Licht im Koffer

Die Predigt des Clowns

Das große Zirkuszelt ist bis auf den letzten Platz gefüllt. Die Zuschauer warten gespannt auf den Beginn des Programms. Die Manege ist noch ganz dunkel. Doch plötzlich leuchtet ein Scheinwerfer auf und wirft einen hellen Lichtkegel in das Rund. Oleg Popow, der russische Clown, tritt aus dem Dunkel. Er hat einen kleinen Koffer in der Hand und watschelt auf den Kegel zu. Kaum hat er ihn erreicht, lässt er sich auf dem Boden nieder und räkelt sich wohlig im Licht. Doch der Kegel wandert weiter. Und der Clown läuft ihm nach. Jedoch ohne Erfolg. Immer wieder sitzt er im Dunkel.
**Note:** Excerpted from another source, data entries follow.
(* Consider a fair execution of Algorithm DLE from a permitted initial configuration $C_0$, and let $l$ be the point occupied by the elected leader when the algorithm terminates. When Algorithm DLE terminates, for every $i\in\{0,\dots,\epsilon_G(l)\}$ there exists a contracted particle occupying a point at grid distance $i$ from $l$; moreover, no particle occupies a point at grid distance greater than $\epsilon_G(l)$ from $l$.
   Context: Geometry. The triangular grid $G$ has as vertices ("points") the points of the regular triangular lattice in the plane, adjacent iff at unit distance; each point has six incident edges, cyclically ordered clockwise. The grid distance $dist_G(u,v)$ is the shortest-path distance in $G$. A shape is a finite set of points (identified with its induced subgraph). For a connected shape $S$: the unbounded face is the outer face; a bounded face containing a grid point not in $S$ is a hole; the area of $S$ is $S$ with its hole points; the outer boundary is the set of points of $S$ on the boundary of the outer face; a boundary point is a point of $S$ adjacent to a point not in $S$. For a boundary point $v$, a local boundary $B$ of $v$ w.r.t. $S$ is a maximal clockwise cyclic interval of consecutive edges at $v$ leading to points not in $S$, with boundary count $c(v,B)=|B|-2$. $v$ is redundant if its neighbors in $S$ induce a connected subgraph; erodable if redundant and on the outer boundary (it then has a single local boundary $B$); SCE if erodable and $c(v,B)>0$. Model (amoebot, strong scheduler). Anonymous constant-memory particles each occupy one point (contracted) or two adjacent points (expanded; head and tail); no point is occupied twice. Ports $0,\dots,5$, common clockwise chirality, particles know neighbors' port numbers for common edges, read/write neighbors' memories. Moves: expansion into an adjacent empty point (new head), contraction, handover. Executions are sequences of atomic activations of single particles (read, compute, write, at most one move); fair if every particle is activated infinitely often. Permitted initial configuration $C_0$: all particles contracted, nonempty connected set $S_P(C_0)$ of occupied points; each particle knows for each port whether the adjacent point lies in the outer face of $S_P(C_0)$. The system's shape may become disconnected. Algorithm DLE. Maintains eligible set $S_e$, initially the area of $S_P(C_0)$; points are only removed. Particle $p$ has $status$ (initially $undecided$) and $eligible[0..5]$ (initially true iff the adjacent point is not in the outer face of $S_P(C_0)$). On activation: if expanded, contract into head; else if $p$ and all neighbors are decided, terminate; else if undecided and contracted at $v$: if no neighbor of $v$ is in $S_e$ (per $eligible$), become $leader$; else if $v$ is SCE w.r.t. $S_e$, remove $v$ from $S_e$ (neighbors whose head is adjacent to $v$ update their $eligible$ entry for $v$ to false), then if $v$ has an adjacent unoccupied point $u\in S_e$, set own $eligible$ entries to true except the one pointing from $u$ to $v$ (false) and expand into $u$, otherwise become $follower$. In any fair execution $S_e$ eventually equals a single point $l$, occupied by the unique leader. $\epsilon_G(l)=\max_{u\in S_P(C_0)} dist_G(l,u)$ is the eccentricity of $l$ w.r.t. $G$ in $C_0$. *)

theory Defs
  imports Main
begin

text \<open>Points of the triangular lattice in axial coordinates: (x,y) is embedded at
  x*(1,0) + y*(1/2, sqrt 3/2).  The six unit directions, listed in clockwise order.\<close>

type_synonym point = "int \<times> int"
lemma exists_minimal_enlargement:
  fixes c :: "'b \<Rightarrow> 'a::heine_borel"
  assumes "finite A" "A \<noteq> {}" "\<And>i. i \<in> A \<Longrightarrow> r i > 0"
  obtains x0 l where "\<And>i. i \<in> A \<Longrightarrow> dist x0 (c i) \<le> l * r i"
    and "\<nexists>x. \<forall>i\<in>A. dist x (c i) < l * r i"
proof -
  define F where "F x = Max ((\<lambda>i. dist x (c i) / r i) ` A)" for x
  have F_ge: "dist x (c i) / r i \<le> F x" if "i \<in> A" for x i
    unfolding F_def using assms that by (intro Max_ge) auto
  have F_less: "F x < t" if "\<And>i. i \<in> A \<Longrightarrow> dist x (c i) / r i < t" for x t
    unfolding F_def using assms that by (subst Max_less_iff) auto
  obtain a where "a \<in> A" using assms(2) by blast
  have F_cont: "continuous_on UNIV F"
    unfolding F_def using assms(1,2) by (intro continuous_on_Max continuous_intros) (force dest: assms(3))+
  have F_coercive: "F (c a) \<le> F y" if "y \<notin> cball (c a) (r a * F (c a))" for y
  proof -
    have "F (c a) < dist y (c a) / r a"
      using that assms(3)[OF \<open>a \<in> A\<close>] by (simp add: dist_commute field_simps)
    then show ?thesis using F_ge[OF \<open>a \<in> A\<close>, of y] by linarith
  qed
  obtain x0 where x0_min: "\<And>y. F x0 \<le> F y"
    using continuous_attains_global_inf[OF F_cont F_coercive] by blast
  show ?thesis
  proof
    show "dist x0 (c i) \<le> F x0 * r i" if "i \<in> A" for i
      using F_ge[OF that, of x0] assms(3)[OF that] by (simp add: field_simps)
    show "\<nexists>x. \<forall>i\<in>A. dist x (c i) < F x0 * r i"
    proof
      assume "\<exists>x. \<forall>i\<in>A. dist x (c i) < F x0 * r i"
      then obtain x where "\<forall>i\<in>A. dist x (c i) < F x0 * r i" by blast
      then have "F x < F x0" using assms(3) by (intro F_less) (simp add: field_simps)
      then show False using x0_min[of x] by simp
    qed
  qed
qed
lemma dotp_eq_solution_determined_off_coord:
  assumes i: "i < d" "y i \<noteq> y' i" and y: "y \<in> vecs R d" "y' \<in> vecs R d"
    and x: "x \<in> vecs R d" "x' \<in> vecs R d"
    and sol: "dotp R d x y = dotp R d x y'" "dotp R d x' y = dotp R d x' y'"
    and agree: "\<forall>j\<in>{..<d} - {i}. x j = x' j"
  shows "x = x'"
proof -
  let ?J = "{..<d} - {i}"
  let ?s = "\<Oplus>j\<in>?J. x j \<otimes> y j" and ?t = "\<Oplus>j\<in>?J. x j \<otimes> y' j"
  have sums: "?s \<in> carrier R" "?t \<in> carrier R"
    using x y by (auto intro!: finsum_closed simp: vecsD)
  have rest: "(\<Oplus>j\<in>?J. x' j \<otimes> z j) = (\<Oplus>j\<in>?J. x j \<otimes> z j)" if "z \<in> vecs R d" for z
    using x that agree by (intro finsum_cong') (auto simp: vecsD)
  from rest[OF y(1)] rest[OF y(2)] have "x i \<otimes> y i \<oplus> ?s = x i \<otimes> y' i \<oplus> ?t" "x' i \<otimes> y i \<oplus> ?s = x' i \<otimes> y' i \<oplus> ?t"
    using sol dotp_remove_coord[OF i(1) x(1) y(1)] dotp_remove_coord[OF i(1) x(1) y(2)]
      dotp_remove_coord[OF i(1) x(2) y(1)] dotp_remove_coord[OF i(1) x(2) y(2)] by simp_all
  then have "x i = x' i"
    by (rule eq_of_two_solutions[OF vecsD[OF x(1) i(1)] vecsD[OF x(2) i(1)]
          vecsD[OF y(1) i(1)] vecsD[OF y(2) i(1)] sums i(2)])
  then have "x j = x' j" if "j < d" for j
    using agree that by (cases "j = i") auto
  then show "x = x'"
    using x unfolding vecs_def by (intro PiE_ext[of x "{..<d}" "\<lambda>_. carrier R"]) auto
qed

lemma card_dotp_eq_le:
  assumes fin: "finite (carrier R)" and y: "y \<in> vecs R d" "y' \<in> vecs R d" "y \<noteq> y'"
  shows "card {x \<in> vecs R d. dotp R d x y = dotp R d x y'} \<le> order R ^ (d - 1)"
proof -
  obtain i where i: "i < d" "y i \<noteq> y' i"
    using y PiE_ext[of y "{..<d}" "\<lambda>_. carrier R" y'] unfolding vecs_def by auto
  let ?S = "{x \<in> vecs R d. dotp R d x y = dotp R d x y'}"
  let ?J = "{..<d} - {i}"
  have "inj_on (\<lambda>x. restrict x ?J) ?S"
  proof (rule inj_onI)
    fix x x' assume "x \<in> ?S" "x' \<in> ?S" "restrict x ?J = restrict x' ?J"
    then show "x = x'"
      using dotp_eq_solution_determined_off_coord[OF i y(1,2), of x x'] fun_cong[of "restrict x ?J"]
      by (metis (mono_tags, lifting) mem_Collect_eq restrict_apply')
  qed
  moreover have "(\<lambda>x. restrict x ?J) ` ?S \<subseteq> ?J \<rightarrow>\<^sub>E carrier R"
    by (auto simp: vecs_def PiE_def Pi_def)
  ultimately have "card ?S \<le> card (?J \<rightarrow>\<^sub>E carrier R)"
    by (intro card_inj_on_le) (auto intro: finite_PiE fin)
  also have "\<dots> = order R ^ (d - 1)"
    using i by (simp add: card_PiE order_def)
  finally show ?thesis .
qed

lemma sum_dot_count:
  assumes fin: "finite (carrier R)" and "F \<subseteq> vecs R d" "x \<in> vecs R d"
  shows "(\<Sum>t\<in>carrier R. dot_count R d F x t) = card F"
proof -
  have "(\<Sum>t\<in>carrier R. dot_count R d F x t) = (\<Sum>y\<in>F. \<Sum>t\<in>carrier R. of_bool (dotp R d x y = t))"
    unfolding dot_count_def by (rule sum.swap)
  also have "\<dots> = (\<Sum>y\<in>F. 1)"
    using assms dotp_closed by (intro sum.cong) (auto simp: of_bool_def subsetD)
  finally show ?thesis by simp
qed
lemma rd_add: "rd j (x + y) = rd j x + rd j y"
proof -
  obtain a b where x: "x = Fract a b" "b \<noteq> 0" by (cases x) auto
  obtain c d where y: "y = Fract c d" "d \<noteq> 0" by (cases y) auto
  have "pd j (a * d + c * b) * (b * d) - (a * d + c * b) * pd j (b * d)
      = (pd j a * b - a * pd j b) * (d * d) + (pd j c * d - c * pd j d) * (b * b)"
    by (simp add: pd_add pd_mult) algebra
  moreover have "(b * d) * (b * d) = (b * b) * (d * d)"
    by algebra
  ultimately show ?thesis
    using x y by (simp add: rd_Fract mult.assoc mult.left_commute)
qed

lemma rd_mult: "rd j (x * y) = rd j x * y + x * rd j y"
proof -
  obtain a b where x: "x = Fract a b" "b \<noteq> 0" by (cases x) auto
  obtain c d where y: "y = Fract c d" "d \<noteq> 0" by (cases y) auto
  have "(pd j (a * c) * (b * d) - a * c * pd j (b * d)) * (b * b * d * (b * d * d)) =
        ((pd j a * b - a * pd j b) * c * (b * d * d) + a * (pd j c * d - c * pd j d) * (b * b * d)) *
        (b * d * (b * d))"
    by (simp add: pd_mult) algebra
  then show ?thesis
    using x y by (simp add: rd_Fract eq_fract)
qed

lemma rd_zero [simp]: "rd j 0 = 0"
  using rd_add[of j 0 0] by (metis add.right_neutral add_left_cancel)

lemma rd_one [simp]: "rd j 1 = 0"
  using rd_mult[of j 1 1] by (metis mult_1_left mult_1_right add.right_neutral add_left_cancel)

lemma rd_sum: "rd j (\<Sum>i\<in>A. g i) = (\<Sum>i\<in>A. rd j (g i))"
  by (induction A rule: infinite_finite_induct) (auto simp: rd_add)

lemma rd_uminus: "rd j (- x) = - rd j x"
  using rd_add[of j x "- x"] by (simp add: add_eq_0_iff2)

lemma rd_diff: "rd j (x - y) = rd j x - rd j y"
  using rd_add[of j x "- y"] by (simp add: rd_uminus)

lemma rd_of_nat [simp]: "rd j (of_nat m) = 0"
  by (induction m) (simp_all add: rd_add)

lemma rd_of_int [simp]: "rd j (of_int z) = 0"
  by (cases z) (simp_all add: rd_uminus rd_diff)

lemma rd_Xr: "rd i (Xr j) = (if j = i then 1 else 0)"
  by (simp add: Xr_def rd_Fract_1 pd_Xp fract_collapse Zero_fract_def[symmetric])

text \<open>
  The commutator \<open>\<partial>\<^sub>i\<partial>\<^sub>j - \<partial>\<^sub>j\<partial>\<^sub>i\<close> is a derivation vanishing on polynomials, hence on their
  quotients.
\<close>
lemma rd_commute: "rd i (rd j x) = rd j (rd i x)"
proof -
  define C where "C x = rd i (rd j x) - rd j (rd i x)" for x
  have C_mult: "C (x * y) = C x * y + x * C y" for x y
    unfolding C_def by (simp add: rd_mult rd_add algebra_simps)
  have C_poly: "C (Fract p 1) = 0" for p
    unfolding C_def by (simp add: rd_Fract_1 pd_commute)
  have "C (Fract p q) = 0" if "q \<noteq> 0" for p q
  proof -
    have "Fract p 1 = Fract q 1 * Fract p q"
      using that by (simp add: eq_fract)
    then have "0 = C (Fract q 1 * Fract p q)"
      using C_poly[of p] by simp
    then have "Fract q 1 * C (Fract p q) = 0"
      by (simp only: C_mult C_poly mult_zero_left add_0)
    moreover have "Fract q 1 \<noteq> 0"
      using that by (simp add: Zero_fract_def eq_fract)
    ultimately show ?thesis by simp
  qed
  then have "C x = 0" by (cases x) auto
  then show ?thesis unfolding C_def by simp
qed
Schließlich versucht der Clown, das Licht - einem Schildbürger gleich - mit seinem Koffer einzufangen. Offenbar gelingt es ihm, denn mit einem Mal ist die Manege wieder dunkel. Es folgen einige bange Augenblicke des Wartens. Doch dann öffnet er seinen Koffer und schüttet das Licht mit weiten Bewegungen in das Publikum hinein. Es wird taghell unter dem Zirkusdach. Die Zuschauer, die den Clown gespannt beobachtet haben, atmen hörbar auf und klatschen begeistert Beifall. Eine seltsame Mischung von Heiterkeit und Nachdenklichkeit hat sie erfasst. Damit beginnt das Programm des Abends.

Oleg Popow wurde am 31. Juli 1930 in Moskau geboren und lebt seit etwa 10 Jahren im fränkischen Egloffstein. Sein Outfit ist unverwechselbar: Eine knallrote Knollennase im Gesicht, auf dem Kopf eine karierte Ballonmütze, unter der eine strohblonde Perücke hervorschaut. Samtsakko, die gestreifte Hose ein bisschen kurz und die Schuhe viel zu groß. Oleg Popow ist für mich der Clown schlechthin. Jeder seiner Auftritte gleicht einer Predigt, aber ohne erhobenen Zeigefinger.

Am Ende des Abends watschelt der Clown noch einmal durch die Manege. Er begegnet einer schönen Frau, die ihn sichtlich in Entzücken versetzt. Strahlend schenkt er ihr ein Herz, ein rotes. Doch ach, sie verschmäht es und wirft es achtlos in eine Mülltonne. Todtraurig holt der Clown es wieder heraus und läuft ins Dunkel hinein. Doch plötzlich kommt ein kleines Kind herbeigesprungen und nimmt ihn tröstend an der Hand. Und siehe da, das Herz leuchtet auf, beginnt blinkend zu schlagen. Scheinwerfer aus. Beifall.